Whenever people choose to mark the day, though, it is the holiday’s immediately graspable core sentiment and mission — Trees are good. Let’s plant lots of them — that lend Arbor Day its forthright, somehow very Nebraskan vibe. Yes, trees are beautiful. No one denies it. But trees also work, damn it. They keep city streets cool in the summer. They provide habitat for an infinite variety of critters. They release oxygen. They absorb carbon dioxide. They help prevent flooding. They hold hammocks and swings. No other living things are simultaneously as utilitarian and as aesthetically inspiring as trees. They get the job done, and they look good doing it.
For Dan Lambe, the 46-year-old president of the Arbor Day Foundation, the holiday is in his blood. A native Nebraskan, Lambe grew up in Lincoln and as a child went with his family “every fall to pick apples and drink cider from the orchards in Nebraska City, the home of Arbor Day.” Lambe left Nebraska for a while and worked for non-profits in California, Arizona, and Texas. He moved back to Lincoln a decade ago, jumping at the chance to return home and work for the Arbor Day Foundation (founded in 1972). He was named president in 2014.
Lambe’s laughter is boyish. There’s no other way to describe it. He sounds like a kid. “I’ll tell you,” he says, “to work every year toward a holiday as positive and as inspiring as Arbor Day is as awesome as it sounds. Planting trees is not the most complicated thing in the world, but for future generations, the benefits of planting even one tree are immense.”
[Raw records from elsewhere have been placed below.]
lemma subfield_poly:
  assumes F: "subfield F" and "\<forall>i. coeff p i \<in> F" and x: "x \<in> F"
  shows "poly p x \<in> F"
  using assms(2)
proof (induction p)
  case (pCons a p)
  then have "a \<in> F" "\<forall>i. coeff p i \<in> F"
    by (metis coeff_pCons_0, metis coeff_pCons_Suc)
  with pCons.IH show ?case
    using F x by (simp add: subfield_add subfield_mult)
qed (simp add: subfield_zero F)

lemma subfield_field_gen: "subfield (field_gen A T)"
  unfolding field_gen_def subfield_def by blast
lemma base_subset_field_gen: "A \<subseteq> field_gen A T"
  unfolding field_gen_def by blast
lemma gens_subset_field_gen: "T \<subseteq> field_gen A T"
  unfolding field_gen_def by blast
lemma field_gen_least: "subfield F \<Longrightarrow> A \<subseteq> F \<Longrightarrow> T \<subseteq> F \<Longrightarrow> field_gen A T \<subseteq> F"
  unfolding field_gen_def by blast
lemma field_gen_eq_self: "subfield F \<Longrightarrow> T \<subseteq> F \<Longrightarrow> field_gen F T = F"
  by (meson base_subset_field_gen field_gen_least order_refl subset_antisym)

lemma delta_field_subfield: "delta_field m D L \<Longrightarrow> subfield L"
  by (simp add: delta_field_def)
lemma delta_field_D_closed: "delta_field m D L \<Longrightarrow> i \<le> m \<Longrightarrow> x \<in> L \<Longrightarrow> D i x \<in> L"
  by (simp add: delta_field_def)
lemma delta_field_D_add:
  "delta_field m D L \<Longrightarrow> i \<le> m \<Longrightarrow> x \<in> L \<Longrightarrow> y \<in> L \<Longrightarrow> D i (x + y) = D i x + D i y"
  by (simp add: delta_field_def)
lemma delta_field_D_mult:
  "delta_field m D L \<Longrightarrow> i \<le> m \<Longrightarrow> x \<in> L \<Longrightarrow> y \<in> L \<Longrightarrow> D i (x * y) = x * D i y + D i x * y"
  by (simp add: delta_field_def)
lemma delta_field_D_commute:
  "delta_field m D L \<Longrightarrow> i \<le> m \<Longrightarrow> j \<le> m \<Longrightarrow> x \<in> L \<Longrightarrow> D i (D j x) = D j (D i x)"
  by (simp add: delta_field_def)

lemma delta_field_D_zero:
  assumes L: "delta_field m D L" and i: "i \<le> m"
  shows "D i 0 = 0"
proof -
  have z: "0 \<in> L" using subfield_zero[OF delta_field_subfield[OF L]] .
  have "D i (0 + 0) = D i 0 + D i 0" by (rule delta_field_D_add[OF L i z z])
  then show ?thesis by (metis add_0 add_cancel_right_right)
qed

lemma delta_field_D_one:
  assumes L: "delta_field m D L" and i: "i \<le> m"
  shows "D i 1 = 0"
proof -
  have u: "1 \<in> L" using subfield_one[OF delta_field_subfield[OF L]] .
  have "D i (1 * 1) = 1 * D i 1 + D i 1 * 1" by (rule delta_field_D_mult[OF L i u u])
  then show ?thesis by (metis add_cancel_right_right mult_1 mult_1_right)
qed

lemma delta_field_D_uminus:
  assumes L: "delta_field m D L" and i: "i \<le> m" and x: "x \<in> L"
  shows "D i (- x) = - D i x"
proof -
  have "- x \<in> L" using L x by (simp add: subfield_uminus delta_field_subfield)
  then have "D i (x + - x) = D i x + D i (- x)" by (rule delta_field_D_add[OF L i x])
  then show ?thesis using delta_field_D_zero[OF L i] by (simp add: add_eq_0_iff)
qed

lemma delta_field_D_inverse:
  assumes L: "delta_field m D L" and i: "i \<le> m" and x: "x \<in> L"
  shows "D i (inverse x) = - D i x * inverse x * inverse x"
proof (cases "x = 0")
  case True
  then show ?thesis using delta_field_D_zero[OF L i] by simp
next
  case False
  have "inverse x \<in> L" using L x by (simp add: subfield_inverse delta_field_subfield)
  then have "D i (x * inverse x) = x * D i (inverse x) + D i x * inverse x"
    by (rule delta_field_D_mult[OF L i x])
  then have "x * D i (inverse x) = - D i x * inverse x"
    using False delta_field_D_one[OF L i] by (simp add: eq_neg_iff_add_eq_0)
  then show ?thesis using False by (simp add: field_simps)
qed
In the four decades the foundation has been around, it has helped towns and cities plant more than 250 million trees. Factor in that a single tree can absorb almost 50 pounds of carbon dioxide every year, and can sequester around a ton of carbon dioxide by the time it reaches 40 years old, and the benefits of a quarter-billion trees are immense, indeed.
Arbor Day is not about nationalism, or religious dogma, or some vaguely tribal ethnic pride. Instead, it’s a holiday steeped in optimism. It’s a holiday that deepens a notion of stewardship and renewal of the natural world, rather than ownership and exploitation. It’s a holiday that makes us think about the sort of world we want to leave to our kids and grandkids. J. Sterling Morton himself argued that his brainchild “is not like other holidays. Each of those reposes on the past, while Arbor Day proposes for the future.” Amen to that.